Perhaps. But these campaigns aren’t free. Her deep-pocketed super PAC pals are working to raise more money as a protest against Trump’s return to power. But ultimately the candidate herself needs to be able to show she can deliver voters. It’s as trite as it is true: campaigns don’t run out of steam, but they do run out of donors who are willing to keep writing checks. The brutal trifecta of South Carolina Sen. Tim Scott, Gov. Henry McMaster, and Rep. Nancy Mace all lining up with Trump left plenty of Palmetto State insiders piqued by the perceived lack of loyalty—and reminded them that Trump is still an unmatched bully.

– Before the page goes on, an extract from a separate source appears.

(* Let $\mathcal G$ be a strongly connected directed graph with no self loops, vertex set $\mathcal V=\{1,\dots,n\}$ and edge set $\mathcal E=\{1,\dots,m\}$. Let $B=S-D\in\mathbb{R}^{n\times m}$ be its incidence matrix, let $Q=DB^\mathsf{T}$, and let $W=\mathbf{1}z^\mathsf{T}$ and $Q^\ddagger$ be as defined in the context. Let $\omega^{\mathrm u}\in\mathbb{R}^n$ be a constant vector. Consider the dynamics \[ \dot{\tilde\theta}(t)=\omega^{\mathrm u}+c(t),\qquad \tilde\beta(t)=B^\mathsf{T}\tilde\theta(t),\qquad y(t)=D\tilde\beta(t). \] Let $\mathcal T\subset\mathcal E$ be an outward directed spanning tree with root $r$. Let $g_1,\dots,g_{n-1}$ be an ordering of the edges of $\mathcal T$ consistent with the tree order, i.e. $g_a\prec g_b$ implies $a<b$. Let $k>0$ and $k_2>0$. Let $0<t_1<t_2<\dots<t_n$ satisfy $t_{j+1}-t_j>|\tilde\beta_{g_j}(t_j)|/k_2$ for $j=1,\dots,n-1$. For each $i\neq r$, let $j(i)$ denote the unique index with $\mathrm{dst}(g_{j(i)})=i$. Let the control be defined, for each node $i\in\mathcal V$, by \[ c_i(t)=\begin{cases} k\,y_i(t) & \text{if } t<t_1,\\ k\,y_i(t_1)+k_2\,\mathrm{sign}\big(\tilde\beta_{g_{j(i)}}(t)\big) & \text{if } i\neq r \text{ and } t_{j(i)}\le t<t_{j(i)+1},\\ k\,y_i(t_1) & \text{otherwise.}\end{cases} \] Assume that at time $t_1$ the system has converged, in the sense that \[ \tilde\beta(t_1)=-k^{-1}B^\mathsf{T}Q^\ddagger\omega^{\mathrm u} \qquad\text{and}\qquad \omega^{\mathrm u}+k\,y(t_1)=W\omega^{\mathrm u}. \] Then $\tilde\beta(t_n)=0$.
   Context: For an edge $e$, $\mathrm{src}(e)$ and $\mathrm{dst}(e)$ denote its source and destination vertices. The matrices $S,D\in\mathbb{R}^{n\times m}$ are defined by $S_{ie}=1$ if node $i$ is the source of edge $e$ and $0$ otherwise, and $D_{ie}=1$ if node $i$ is the destination of edge $e$ and $0$ otherwise. The vector $\mathbf{1}$ is the all-ones vector. The matrix $Q=DB^\mathsf{T}$ is an irreducible rate matrix (nonnegative off-diagonal entries, zero row sums). Let $z>0$ be its left eigenvector for eigenvalue $0$ ($z^\mathsf{T}Q=0$), normalized so that $\mathbf{1}^\mathsf{T}z=1$, and set $W=\mathbf{1}z^\mathsf{T}$. Write $Q=T\begin{bmatrix}0&0\\0&\Lambda\end{bmatrix}T^{-1}$, where $T$ is invertible with first column $\mathbf{1}$, the first row of $T^{-1}$ is $z^\mathsf{T}$, and $\Lambda\in\mathbb{R}^{(n-1)\times(n-1)}$ is invertible. Define $Q^\ddagger=T\begin{bmatrix}0&0\\0&\Lambda^{-1}\end{bmatrix}T^{-1}$. An outward directed spanning tree with root $r$ is a set $\mathcal T$ of $n-1$ edges such that every vertex is reachable from $r$ by a directed path in $\mathcal T$, and each vertex other than $r$ is the destination of exactly one edge of $\mathcal T$. For $f,g\in\mathcal T$, $f\prec g$ means there is a directed walk of nonzero length in $\mathcal T$ from $\mathrm{dst}(f)$ to $\mathrm{dst}(g)$. The convention $\mathrm{sign}(0)=0$ is used. Here $\tilde\theta(t)\in\mathbb{R}^n$ are normalized clock phases, $\tilde\beta(t)\in\mathbb{R}^m$ are buffer occupancies relative to the desired offsets, and $\omega(t)=\omega^{\mathrm u}+c(t)$ is the frequency. *)

theory Defs
  imports "HOL-Analysis.Analysis" "Jordan_Normal_Form.Matrix"
begin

There will be a good number of bank transfers on the donors’ screens as the polls close on Tuesday. Hitting the confirm button will hinge on how those donors are conditioned to see Haley’s numbers, and whether there is a reasonable belief that Haley is getting close to her goals, or if Trump is simply too big of a force to bump off course. Now that it’s a one-on-one race for the nomination, the verdict will be apparent, and quickly. For Haley, who has been pining for this exact head-to-head with her former boss, there’s nowhere to hide if this goes sideways.